Il résulte de l'instruction, notamment des documents médicaux produits au dossier, que M. D..., qui a reçu, les 3 mai, 29 juin, 22 août 1994 et le 8 février 1995 des injections du vaccin contre l'hépatite B, contenant des adjuvants à base de sels d'aluminium, a ressenti à partir de septembre 1995 des troubles consistant en des douleurs musculaires, et un état d'essoufflement et de fatigue généralisée, qui se sont aggravés et ont conduit à plusieurs hospitalisations à partir de décembre 1995, et auxquels se sont ajoutés des troubles cognitifs. Une biopsie réalisée en mars 2017 a mis en évidence des lésions de myofasciite à macrophages autour des sites d'injection. Le délai d'apparition des symptômes, inférieur à un an, peut être considéré comme normal pour une affection liée à la myofasciite à macrophages et se caractérisant par les symptômes manifestés. Contrairement à ce que soutient le ministre de la défense et des armées, il ne résulte pas de l'instruction qu'une autre cause que les vaccinations reçues par l'intéressé puisse être retenue pour expliquer ces symptômes. Il en résulte que, dans les circonstances de l'espèce, le lien de causalité entre la vaccination contre l'hépatite B reçue par M. D... dans le cadre de son service national et les symptômes dont il est atteint doit être regardé comme établi et que, dès lors, l'intéressé est fondé à soutenir que la responsabilité de l'Etat est engagée au titre des dispositions de l'article L. 62 du code du service national."
Cet arrêt confirme la position favorable du Conseil d'Etat jugeant que le juge administratif ne peut rejeter une demande d'indemnisation des préjudices imputables à une vaccination obligatoire que si, au vu des connaissances scientifiques du moment, il n’y avait aucune probabilité qu’un lien de causalité entre le vaccin et les effets secondaires subis par le patient existe.

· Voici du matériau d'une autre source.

(* The matrix $I+\Pi S$ acting on $\mathbb V(\Gamma_\oplus)$ is invertible; every eigenvalue $\lambda$ of $I+\Pi S$ satisfies $\lambda\ne0$ and $|1-\lambda|\le1$; $\|(I+\Pi S)p\|_T\le2\|p\|_T$ for all $p\in\mathbb V(\Gamma_\oplus)$; and there exists a constant $\alpha>0$ such that $$\operatorname{Re}\big((p,(I+\Pi S)p)_T\big)\ge\alpha\|p\|_T^2\qquad\text{for all }p\in\mathbb V(\Gamma_\oplus).$$
   Context: Let $\mathcal E$ be a finite set, $\mathcal E_1,\dots,\mathcal E_J$ subsets with $\mathcal E=\bigcup_j\mathcal E_j$, $\Sigma:=\bigcup_{1\le j<k\le J}(\mathcal E_j\cap\mathcal E_k)$, $\Gamma$ any set with $\Sigma\subset\Gamma\subset\mathcal E$, $\Gamma_j:=\Gamma\cap\mathcal E_j$. $\mathbb V(\mathcal F):=\mathbb C^{\mathcal F}$; $\mathbb V(\mathcal E_\oplus):=\prod_j\mathbb V(\mathcal E_j)$, $\mathbb V(\Gamma_\oplus):=\prod_j\mathbb V(\Gamma_j)$. Restrictions: $Rx=((x_e)_{e\in\mathcal E_1},\dots,(x_e)_{e\in\mathcal E_J})$ for $x\in\mathbb V(\mathcal E)$; $Qx=((x_e)_{e\in\Gamma_1},\dots,(x_e)_{e\in\Gamma_J})$ for $x\in\mathbb V(\Gamma)$; $B_jx=(x_e)_{e\in\Gamma_j}$ for $x\in\mathbb V(\mathcal E_j)$, $B:=\mathrm{diag}(B_j)$; $\top$ is the non-conjugated transpose. For each $j$ let $T_j$ be a real symmetric positive definite matrix on $\mathbb V(\Gamma_j)$, $T:=\mathrm{diag}(T_1,\dots,T_J)$, $(x,y)_T:=x^\top T\bar y$, $\|x\|_T^2:=(x,x)_T$. $P:=Q(Q^\top TQ)^{-1}Q^\top T$ (the $T$-orthogonal projector onto $\operatorname{range}(Q)$) and $\Pi:=2P-I$. Let $A=\mathrm{diag}(A_1,\dots,A_J)$, $A_j\in\mathbb C^{\mathcal E_j\times\mathcal E_j}$, satisfying (A1) $\operatorname{Im}(\bar v^\top Av)\le0$ for all $v\in\mathbb V(\mathcal E_\oplus)$ and (A2) $R^\top AR$ invertible; then $A-\imath B^\top TB$ is invertible. Scattering matrix: $S:=I+2\imath B(A-\imath B^\top TB)^{-1}B^\top T$. *)

theory Defs
  imports Complex_Main
begin

text \<open>Matrices over finite index sets: a matrix is a function
  M :: 'i => 'k => complex, only its entries on the relevant index sets matter;
  products sum over an explicitly given finite index set.\<close>

definition mmul :: "'j set \<Rightarrow> ('i \<Rightarrow> 'j \<Rightarrow> complex) \<Rightarrow> ('j \<Rightarrow> 'k \<Rightarrow> complex) \<Rightarrow> 'i \<Rightarrow> 'k \<Rightarrow> complex" where
  "mmul K M N = (\<lambda>i k. \<Sum>j\<in>K. M i j * N j k)"

definition mvec :: "'k set \<Rightarrow> ('i \<Rightarrow> 'k \<Rightarrow> complex) \<Rightarrow> ('k \<Rightarrow> complex) \<Rightarrow> 'i \<Rightarrow> complex" where
  "mvec K M x = (\<lambda>i. \<Sum>k\<in>K. M i k * x k)"

definition mI :: "'i \<Rightarrow> 'i \<Rightarrow> complex" where
  "mI = (\<lambda>i k. if i = k then 1 else 0)"

definition mT :: "('i \<Rightarrow> 'k \<Rightarrow> complex) \<Rightarrow> 'k \<Rightarrow> 'i \<Rightarrow> complex" where
  "mT M = (\<lambda>k i. M i k)"

definition is_minv :: "'i set \<Rightarrow> ('i \<Rightarrow> 'i \<Rightarrow> complex) \<Rightarrow> ('i \<Rightarrow> 'i \<Rightarrow> complex) \<Rightarrow> bool" where
  "is_minv I M N \<longleftrightarrow> (\<forall>i\<in>I. \<forall>k\<in>I. mmul I M N i k = mI i k \<and> mmul I N M i k = mI i k)"

definition minvertible :: "'i set \<Rightarrow> ('i \<Rightarrow> 'i \<Rightarrow> complex) \<Rightarrow> bool" where
  "minvertible I M \<longleftrightarrow> (\<exists>N. is_minv I M N)"

definition minv :: "'i set \<Rightarrow> ('i \<Rightarrow> 'i \<Rightarrow> complex) \<Rightarrow> 'i \<Rightarrow> 'i \<Rightarrow> complex" where
  "minv I M = (SOME N. is_minv I M N)"

text \<open>Index sets: E_oplus = disjoint union of the E_j, Gamma_oplus = disjoint union of
  the Gamma_j = Gamma \<inter> E_j, j = 1..J.\<close>

definition EO :: "nat \<Rightarrow> (nat \<Rightarrow> 'e set) \<Rightarrow> (nat \<times> 'e) set" where
  "EO J Es = {(j, e). j \<in> {1..J} \<and> e \<in> Es j}"

definition GO :: "nat \<Rightarrow> (nat \<Rightarrow> 'e set) \<Rightarrow> 'e set \<Rightarrow> (nat \<times> 'e) set" where
  "GO J Es \<Gamma> = {(j, e). j \<in> {1..J} \<and> e \<in> \<Gamma> \<inter> Es j}"

definition Sigma_set :: "nat \<Rightarrow> (nat \<Rightarrow> 'e set) \<Rightarrow> 'e set" where
  "Sigma_set J Es = (\<Union>j\<in>{1..J}. \<Union>k\<in>{1..J}. if j < k then Es j \<inter> Es k else {})"

definition blockdiag :: "(nat \<Rightarrow> 'e \<Rightarrow> 'e \<Rightarrow> complex) \<Rightarrow> nat \<times> 'e \<Rightarrow> nat \<times> 'e \<Rightarrow> complex" where
  "blockdiag Mb = (\<lambda>(j, e) (k, e'). if j = k then Mb j e e' else 0)"

text \<open>Restriction R : V(E) -> V(E_oplus), Q : V(Gamma) -> V(Gamma_oplus),
  B : V(E_oplus) -> V(Gamma_oplus) (all 0/1 matrices).\<close>
definition Rmat :: "nat \<times> 'e \<Rightarrow> 'e \<Rightarrow> complex" where
  "Rmat = (\<lambda>(j, e) e'. if e = e' then 1 else 0)"

definition Qmat :: "nat \<times> 'e \<Rightarrow> 'e \<Rightarrow> complex" where
  "Qmat = (\<lambda>(j, e) e'. if e = e' then 1 else 0)"

definition Bmat :: "nat \<times> 'e \<Rightarrow> nat \<times> 'e \<Rightarrow> complex" where
  "Bmat = (\<lambda>(j, e) (k, e'). if j = k \<and> e = e' then 1 else 0)"

definition Tmat :: "(nat \<Rightarrow> 'e \<Rightarrow> 'e \<Rightarrow> real) \<Rightarrow> nat \<times> 'e \<Rightarrow> nat \<times> 'e \<Rightarrow> complex" where
  "Tmat Tb = blockdiag (\<lambda>j e e'. complex_of_real (Tb j e e'))"

definition innerT :: "nat \<Rightarrow> (nat \<Rightarrow> 'e set) \<Rightarrow> 'e set \<Rightarrow> (nat \<Rightarrow> 'e \<Rightarrow> 'e \<Rightarrow> real)
    \<Rightarrow> (nat \<times> 'e \<Rightarrow> complex) \<Rightarrow> (nat \<times> 'e \<Rightarrow> complex) \<Rightarrow> complex" where
  "innerT J Es \<Gamma> Tb x y = (\<Sum>i\<in>GO J Es \<Gamma>. \<Sum>k\<in>GO J Es \<Gamma>. x i * Tmat Tb i k * cnj (y k))"

definition normT :: "nat \<Rightarrow> (nat \<Rightarrow> 'e set) \<Rightarrow> 'e set \<Rightarrow> (nat \<Rightarrow> 'e \<Rightarrow> 'e \<Rightarrow> real)
    \<Rightarrow> (nat \<times> 'e \<Rightarrow> complex) \<Rightarrow> real" where
  "normT J Es \<Gamma> Tb x = sqrt (Re (innerT J Es \<Gamma> Tb x x))"

definition Pmat :: "nat \<Rightarrow> (nat \<Rightarrow> 'e set) \<Rightarrow> 'e set \<Rightarrow> (nat \<Rightarrow> 'e \<Rightarrow> 'e \<Rightarrow> real)
    \<Rightarrow> nat \<times> 'e \<Rightarrow> nat \<times> 'e \<Rightarrow> complex" where
  "Pmat J Es \<Gamma> Tb =
     (let G = GO J Es \<Gamma>; T = Tmat Tb;
          QTQ = mmul G (mmul G (mT Qmat) T) Qmat
      in mmul G (mmul \<Gamma> (mmul \<Gamma> Qmat (minv \<Gamma> QTQ)) (mT Qmat)) T)"

definition Pimat :: "nat \<Rightarrow> (nat \<Rightarrow> 'e set) \<Rightarrow> 'e set \<Rightarrow> (nat \<Rightarrow> 'e \<Rightarrow> 'e \<Rightarrow> real)
    \<Rightarrow> nat \<times> 'e \<Rightarrow> nat \<times> 'e \<Rightarrow> complex" where
  "Pimat J Es \<Gamma> Tb = (\<lambda>i k. 2 * Pmat J Es \<Gamma> Tb i k - mI i k)"

definition Smat :: "nat \<Rightarrow> (nat \<Rightarrow> 'e set) \<Rightarrow> 'e set \<Rightarrow> (nat \<Rightarrow> 'e \<Rightarrow> 'e \<Rightarrow> complex)
    \<Rightarrow> (nat \<Rightarrow> 'e \<Rightarrow> 'e \<Rightarrow> real) \<Rightarrow> nat \<times> 'e \<Rightarrow> nat \<times> 'e \<Rightarrow> complex" where
  "Smat J Es \<Gamma> Ab Tb =
     (let G = GO J Es \<Gamma>; EE = EO J Es; T = Tmat Tb; A = blockdiag Ab;
          BTB = mmul G (mmul G (mT Bmat) T) Bmat;
          K = (\<lambda>i k. A i k - \<i> * BTB i k)
      in (\<lambda>i k. mI i k + 2 * \<i> *
            mmul G (mmul EE (mmul EE Bmat (minv EE K)) (mT Bmat)) T i k))"

end

theory Submission
  imports Defs "Jordan_Normal_Form.Determinant" "HOL-Analysis.Analysis"
begin

(* S is a contraction for the T-norm because A is dissipative, and Pi = 2P - I is a
   T-isometry because P is the T-orthogonal projection onto the range of Q; hence
   q = Pi S p satisfies |q|_T <= |p|_T.  This gives the eigenvalue bound |1 - lambda| <= 1,
   the bound |p + q|_T <= 2 |p|_T and 2 Re (p, p + q)_T >= |p + q|_T^2.  Assumption (A2)
   makes I + Pi S injective, so the last quantity is positive on the unit sphere, and
   compactness of the sphere yields the coercivity constant. *)

subsection \<open>Matrices over finite index sets\<close>

lemma mvec_mmul:
  assumes "finite K" "finite L"
  shows "mvec K (mmul L M N) x = mvec L M (mvec K N x)"
  unfolding mvec_def mmul_def
  by (rule ext) (simp add: sum_distrib_left sum_distrib_right mult.assoc sum.swap[of _ K L])

lemma mvec_mI:
  assumes "finite I" "i \<in> I"
  shows "mvec I mI x i = x i"
proof -
  have "mvec I mI x i = (\<Sum>k\<in>I. if i = k then x k else 0)"
    unfolding mvec_def mI_def by (rule sum.cong) auto
  with assms show ?thesis by simp
qed

lemma mvec_cong: "(\<And>k. k \<in> K \<Longrightarrow> x k = x' k) \<Longrightarrow> mvec K M x = mvec K M x'"
  unfolding mvec_def by (rule ext) (auto intro: sum.cong)

lemma mvec_cong_matrix: "(\<And>k. k \<in> K \<Longrightarrow> M i k = M' i k) \<Longrightarrow> mvec K M x i = mvec K M' x i"
  unfolding mvec_def by (auto intro: sum.cong)

lemma mvec_add: "mvec K M (\<lambda>k. a k + b k) = (\<lambda>i. mvec K M a i + mvec K M b i)"
  unfolding mvec_def by (simp add: distrib_left sum.distrib)

lemma mvec_diff: "mvec K M (\<lambda>k. a k - b k) = (\<lambda>i. mvec K M a i - mvec K M b i)"
  unfolding mvec_def by (simp add: right_diff_distrib sum_subtractf)

lemma mvec_scale: "mvec K M (\<lambda>k. c * a k) = (\<lambda>i. c * mvec K M a i)"
  unfolding mvec_def by (simp add: sum_distrib_left mult.left_commute)

lemma mvec_zero: "mvec K M (\<lambda>k. 0) = (\<lambda>i. 0)"
  unfolding mvec_def by simp

lemma mvec_matrix_add: "mvec K (\<lambda>i k. M i k + N i k) x i = mvec K M x i + mvec K N x i"
  unfolding mvec_def by (simp add: distrib_right sum.distrib)

lemma mvec_matrix_diff: "mvec K (\<lambda>i k. M i k - N i k) x i = mvec K M x i - mvec K N x i"
  unfolding mvec_def by (simp add: left_diff_distrib sum_subtractf)

lemma mvec_matrix_scale: "mvec K (\<lambda>i k. c * M i k) x i = c * mvec K M x i"
  unfolding mvec_def by (simp add: sum_distrib_left mult.assoc)

lemma is_minv_minv: "minvertible I N \<Longrightarrow> is_minv I N (minv I N)"
  unfolding minvertible_def minv_def by (erule someI_ex)

lemma mvec_minv_right:
  assumes "finite I" "minvertible I N" "i \<in> I"
  shows "mvec I N (mvec I (minv I N) b) i = b i"
proof -
  have "mvec I N (mvec I (minv I N) b) i = mvec I (mmul I N (minv I N)) b i"
    using assms(1) by (simp add: mvec_mmul)
  also have "\<dots> = mvec I mI b i"
    using is_minv_minv[OF assms(2)] assms(3) unfolding is_minv_def
    by (intro mvec_cong_matrix) auto
  finally show ?thesis using assms(1,3) by (simp add: mvec_mI)
qed

lemma minvertible_kernel:
  assumes "finite I" "minvertible I N" "\<forall>i\<in>I. mvec I N x i = 0" "i \<in> I"
  shows "x i = 0"
proof -
  have "x i = mvec I (mmul I (minv I N) N) x i"
    using is_minv_minv[OF assms(2)] assms(1,4) unfolding is_minv_def
    by (subst mvec_cong_matrix[where M' = mI]) (auto simp: mvec_mI)
  also have "\<dots> = mvec I (minv I N) (mvec I N x) i"
    using assms(1) by (simp add: mvec_mmul)
  also have "\<dots> = 0"
    using assms(3) by (simp add: mvec_cong[of I "mvec I N x" "\<lambda>_. 0"] mvec_zero)
  finally show ?thesis .
qed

En effet, en l’état actuel des connaissances scientifiques, il n’est pas possible d’établir qu’il n’existe aucune probabilité d’un tel lien de causalité.
Cela implique que le juge doit procéder à l'examen de la chronologie d'apparition des symptômes et s'assurer qu'aucune autre cause n'explique leur apparition.
Cette jurisprudence est parfaitement justifiée en matière de vaccination au vu des difficultés à rapporter la preuve d'un tel lien de causalité.